Filter the records for lines holding the string "where".

-- RAW DATA follows --

text \<open>If one of (a)--(f) holds, then under every guess the epistemic reduct either drops the rule
  (a literal of \<open>F\<close> or \<open>\<not>G\<close> is guessed) or turns it into a plain rule that no \<open>M' \<subseteq> M\<close>
  can violate once its negative body holds in \<open>M\<close>: its head meets its positive body, or its
  body asks for an atom to be both inside and outside \<open>M\<close>. Such a rule changes no answer set,
  hence no world view, of any program it is added to.

  Conversely, if none holds, take fresh atoms \<open>p0, p1, p2\<close> and an objective program \<open>Q\<close> with
  answer sets \<open>{p0} \<union> B \<union> F\<close>, \<open>{p1} \<union> E \<union> F\<close>, \<open>{p2} \<union> F\<close>. They form the only world view of
  \<open>Q\<close>, and its guess contains \<open>not D\<close>, \<open>not \<not>E\<close> but no literal of \<open>F\<close>, \<open>\<not>G\<close>, so adding the
  rule adds exactly the plain rule \<open>A \<leftarrow> B, \<not>C, \<not>\<not>F, \<not>G\<close> to the reduct. If \<open>A \<inter> F = {}\<close>, this
  rule kills the answer set \<open>{p0} \<union> B \<union> F\<close>. Otherwise fix \<open>f \<in> A \<inter> F\<close>, make all atoms of
  \<open>A \<inter> F\<close> equivalent to \<open>f\<close> and add the constraint \<open>\<leftarrow> p0, \<not>f\<close>: then \<open>{p0} \<union> B \<union> F\<close> is no
  longer an answer set of \<open>Q\<close>, since \<open>{p0} \<union> B \<union> (F - A)\<close> is a smaller model of its reduct, but
  it becomes one with the new rule, which makes \<open>B\<close> bring along some, hence every, atom of
  \<open>A \<inter> F\<close>.\<close>

lemma pmodel_gl_reduct_iff:
  "pmodel M' (gl_reduct P M) \<longleftrightarrow>
   (\<forall>r\<in>P. (\<forall>l\<in>pneg r. \<not> lsat M l) \<longrightarrow> ppos r \<subseteq> M' \<longrightarrow> phead r \<inter> M' \<noteq> {})"
  unfolding pmodel_def gl_reduct_def psat_def pbody_true_def by fastforce

lemma pmodel_gl_reduct_insert:
  "pmodel M' (gl_reduct (insert r P) M) \<longleftrightarrow>
   ((\<forall>l\<in>pneg r. \<not> lsat M l) \<longrightarrow> ppos r \<subseteq> M' \<longrightarrow> phead r \<inter> M' \<noteq> {}) \<and>
   pmodel M' (gl_reduct P M)"
  by (simp add: pmodel_gl_reduct_iff)

lemma pmodel_gl_reduct_Un:
  "pmodel M' (gl_reduct (P \<union> Q) M) \<longleftrightarrow> pmodel M' (gl_reduct P M) \<and> pmodel M' (gl_reduct Q M)"
  by (auto simp: pmodel_gl_reduct_iff)

lemma answer_sets_iff:
  "M \<in> answer_sets X P \<longleftrightarrow> M \<subseteq> X \<and> pmodel M (gl_reduct P M) \<and>
     (\<forall>M' \<subseteq> M. pmodel M' (gl_reduct P M) \<longrightarrow> M' = M)"
  by (auto simp: answer_sets_def psubset_eq)

lemma answer_sets_insert_redundant:
  assumes "\<And>M M'. \<forall>l\<in>pneg r. \<not> lsat M l \<Longrightarrow> M' \<subseteq> M \<Longrightarrow> ppos r \<subseteq> M' \<Longrightarrow> phead r \<inter> M' \<noteq> {}"
  shows "answer_sets X (insert r P) = answer_sets X P"
proof -
  have "pmodel M' (gl_reduct (insert r P) M) \<longleftrightarrow> pmodel M' (gl_reduct P M)" if "M' \<subseteq> M" for M M'
    using assms that by (auto simp: pmodel_gl_reduct_insert)
  then show ?thesis by (auto simp: answer_sets_iff)
qed

lemma epi_reduct_insert:
  "epi_reduct (insert r R) Phi = (if eeneg r \<inter> Phi = {} then
     insert (PRule (ehead r) (ebpos r) (Pos ` ebneg r \<union> (eepos r - Phi) \<union> negl ` eeneg r))
       (epi_reduct R Phi)
     else epi_reduct R Phi)"
  by (auto simp: epi_reduct_def)

definition objective :: "'a erule set \<Rightarrow> bool" where
  "objective R \<longleftrightarrow> (\<forall>r\<in>R. eepos r = {} \<and> eeneg r = {})"

definition plain_of :: "'a erule set \<Rightarrow> 'a prule set" where
  "plain_of R = (\<lambda>r. PRule (ehead r) (ebpos r) (Pos ` ebneg r)) ` R"

lemma epi_reduct_objective: "objective R \<Longrightarrow> epi_reduct R Phi = plain_of R"
  by (auto simp: objective_def epi_reduct_def plain_of_def)

definition guess_of :: "'a lit set \<Rightarrow> 'a set set \<Rightarrow> 'a lit set" where
  "guess_of Ep W = {l \<in> Ep. \<exists>I\<in>W. \<not> lsat I l}"

lemma guess_of_subset: "guess_of Ep W \<subseteq> Ep"
  by (auto simp: guess_of_def)

lemma compatible_imp_guess_of: "compatible Ep Phi W \<Longrightarrow> Phi \<subseteq> Ep \<Longrightarrow> Phi = guess_of Ep W"
  unfolding compatible_def guess_of_def by blast

lemma compatible_guess_of: "W \<noteq> {} \<Longrightarrow> compatible Ep (guess_of Ep W) W"
  unfolding compatible_def guess_of_def by blast

lemma world_view_answer_sets:
  assumes "W \<in> world_views (At, Ep, R)"
  shows "W = answer_sets At (epi_reduct R (guess_of Ep W))"
proof -
  obtain Phi where "Phi \<subseteq> Ep" "W = answer_sets At (epi_reduct R Phi)" "compatible Ep Phi W"
    using assms by (auto simp: world_views_def candidate_wv_def)
  then show ?thesis using compatible_imp_guess_of by metis
qed

lemma world_view_objective:
  assumes "objective R" "W = answer_sets At (plain_of R)" "W \<noteq> {}"
  shows "W \<in> world_views (At, Ep, R)"
proof -
  have "candidate_wv (At, Ep, R) Phi W' \<longleftrightarrow> W' = W \<and> Phi \<subseteq> Ep \<and> compatible Ep Phi W" for Phi W'
    using assms(1,2) by (auto simp: candidate_wv_def epi_reduct_objective)
  then have "candidate_wv (At, Ep, R) Phi W' \<longleftrightarrow> W' = W \<and> Phi = guess_of Ep W" for Phi W'
    using compatible_imp_guess_of compatible_guess_of[OF assms(3)] guess_of_subset by metis
  then show ?thesis unfolding world_views_def by blast
qed

lemma tautological_if_reduct_redundant:
  assumes "\<And>X R Phi. answer_sets X (epi_reduct (insert r R) Phi) = answer_sets X (epi_reduct R Phi)"
  shows "tautological At Ep r"
  unfolding tautological_def strongly_equiv_def
proof (intro allI impI)
  fix Q :: "'a elp"
  obtain AQ EQ RQ where Q: "Q = (AQ, EQ, RQ)" by (cases Q)
  have "candidate_wv (At \<union> AQ, Ep \<union> EQ, insert r RQ) = candidate_wv (At \<union> AQ, Ep \<union> EQ, RQ)"
    by (intro ext) (simp add: candidate_wv_def assms)
  then show "world_views (elp_union (At, Ep, {r}) Q) = world_views (elp_union (At, Ep, {}) Q)"
    by (simp add: Q elp_union_def world_views_def)
qed

lemma answer_sets_insert_mk_rule_redundant:
  assumes "A \<inter> B \<noteq> {} \<or> B \<inter> (C \<union> G) \<noteq> {} \<or> C \<inter> F \<noteq> {} \<or>
    D \<inter> F \<noteq> {} \<or> E \<inter> G \<noteq> {} \<or> F \<inter> G \<noteq> {}"
  shows "answer_sets X (epi_reduct (insert (mk_rule A B C D E F G) R) Phi) =
    answer_sets X (epi_reduct R Phi)"
proof (cases "(Pos ` F \<union> Neg ` G) \<inter> Phi = {}")
  case False
  then show ?thesis by (simp add: epi_reduct_insert mk_rule_def)
next
  case True
  let ?r = "PRule A B (Pos ` C \<union> (Pos ` D \<union> Neg ` E - Phi) \<union> negl ` (Pos ` F \<union> Neg ` G))"
  have body_iff: "(\<forall>l\<in>pneg ?r. \<not> lsat M l) \<longleftrightarrow> C \<inter> M = {} \<and> F \<subseteq> M \<and> G \<inter> M = {} \<and>
      (\<forall>d\<in>D. Pos d \<notin> Phi \<longrightarrow> d \<notin> M) \<and> (\<forall>e\<in>E. Neg e \<notin> Phi \<longrightarrow> e \<in> M)" for M
    by (auto simp: image_Un image_image ball_Un) force+
  have unguessed: "\<forall>f\<in>F. Pos f \<notin> Phi" "\<forall>g\<in>G. Neg g \<notin> Phi"
    using True by auto
  have "phead ?r \<inter> M' \<noteq> {}"
    if "\<forall>l\<in>pneg ?r. \<not> lsat M l" "M' \<subseteq> M" "ppos ?r \<subseteq> M'" for M M'
    using assms unguessed that(1)[unfolded body_iff] that(2,3) by auto
  then have "answer_sets X (insert ?r (epi_reduct R Phi)) = answer_sets X (epi_reduct R Phi)"
    by (rule answer_sets_insert_redundant)
  with True show ?thesis by (simp add: epi_reduct_insert mk_rule_def)
qed

text \<open>The plain rule \<open>A \<leftarrow> B, \<not>C, \<not>\<not>F, \<not>G\<close>.\<close>

definition mk_rule_reduct :: "'a set \<Rightarrow> 'a set \<Rightarrow> 'a set \<Rightarrow> 'a set \<Rightarrow> 'a set \<Rightarrow> 'a prule" where
  "mk_rule_reduct A B C F G = PRule A B (Pos ` C \<union> Neg ` F \<union> Pos ` G)"

lemma epi_reduct_insert_mk_rule:
  assumes "Pos ` D \<union> Neg ` E \<subseteq> Phi" "(Pos ` F \<union> Neg ` G) \<inter> Phi = {}"
  shows "epi_reduct (insert (mk_rule A B C D E F G) R) Phi =
    insert (mk_rule_reduct A B C F G) (epi_reduct R Phi)"
proof -
  have "Pos ` C \<union> (Pos ` D \<union> Neg ` E - Phi) \<union> negl ` (Pos ` F \<union> Neg ` G) =
      Pos ` C \<union> Neg ` F \<union> Pos ` G"
    using assms(1) by (auto simp: image_Un image_image)
  with assms(2) show ?thesis
    by (simp add: epi_reduct_insert mk_rule_def mk_rule_reduct_def)
qed

lemma pmodel_gl_reduct_insert_mk_rule_reduct:
  "pmodel M' (gl_reduct (insert (mk_rule_reduct A B C F G) P) M) \<longleftrightarrow>
   (C \<inter> M = {} \<and> F \<subseteq> M \<and> G \<inter> M = {} \<longrightarrow> B \<subseteq> M' \<longrightarrow> A \<inter> M' \<noteq> {}) \<and>
   pmodel M' (gl_reduct P M)"
  by (auto simp: pmodel_gl_reduct_insert mk_rule_reduct_def ball_Un)

lemma not_answer_set_insert_mk_rule_reduct:
  assumes "C \<inter> M = {}" "F \<subseteq> M" "G \<inter> M = {}" "B \<subseteq> M" "A \<inter> M = {}"
  shows "M \<notin> answer_sets X (insert (mk_rule_reduct A B C F G) P)"
  using assms by (auto simp: answer_sets_iff pmodel_gl_reduct_insert_mk_rule_reduct)

lemma tautological_mk_rule_keeps_answer_sets:
  assumes taut: "tautological At Ep (mk_rule A B C D E F G)"
    and elits: "Pos ` D \<union> Neg ` E \<subseteq> Ep"
    and R: "is_elp (X, {}, R)" "At \<subseteq> X" "objective R"
    and W: "W = answer_sets X (plain_of R)" "W \<noteq> {}"
    and FG: "\<forall>I\<in>W. F \<subseteq> I \<and> G \<inter> I = {}"
    and D: "\<forall>d\<in>D. \<exists>I\<in>W. d \<notin> I" and E: "\<forall>e\<in>E. \<exists>I\<in>W. e \<in> I"
  shows "answer_sets X (insert (mk_rule_reduct A B C F G) (plain_of R)) = W"
proof -
  let ?r = "mk_rule A B C D E F G"
  have "world_views (elp_union (At, Ep, {?r}) (X, {}, R)) = world_views (elp_union (At, Ep, {}) (X, {}, R))"
    using taut R(1) unfolding tautological_def strongly_equiv_def by blast
  then have "world_views (X, Ep, insert ?r R) = world_views (X, Ep, R)"
    using R(2) by (simp add: elp_union_def sup_absorb2)
  moreover have "W \<in> world_views (X, Ep, R)"
    using world_view_objective R(3) W .
  ultimately have "W = answer_sets X (epi_reduct (insert ?r R) (guess_of Ep W))"
    by (simp add: world_view_answer_sets)
  also have "epi_reduct (insert ?r R) (guess_of Ep W) = insert (mk_rule_reduct A B C F G) (plain_of R)"
  proof -
    have "Pos ` D \<union> Neg ` E \<subseteq> guess_of Ep W"
      using elits D E by (auto simp: guess_of_def)
    moreover have "(Pos ` F \<union> Neg ` G) \<inter> guess_of Ep W = {}"
      using FG by (force simp: guess_of_def)
    ultimately
    show ?thesis by (simp add: epi_reduct_insert_mk_rule epi_reduct_objective R(3))
  qed
  finally show ?thesis by simp
qed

-- RAW DATA concluded --

REPLY TO THE TASK:
definition objective :: "'a erule set \<Rightarrow> bool" where
definition plain_of :: "'a erule set \<Rightarrow> 'a prule set" where
definition guess_of :: "'a lit set \<Rightarrow> 'a set set \<Rightarrow> 'a lit set" where
  obtain Phi where "Phi \<subseteq> Ep" "W = answer_sets At (epi_reduct R Phi)" "compatible Ep Phi W"
  obtain AQ EQ RQ where Q: "Q = (AQ, EQ, RQ)" by (cases Q)
definition mk_rule_reduct :: "'a set \<Rightarrow> 'a set \<Rightarrow> 'a set \<Rightarrow> 'a set \<Rightarrow> 'a set \<Rightarrow> 'a prule" where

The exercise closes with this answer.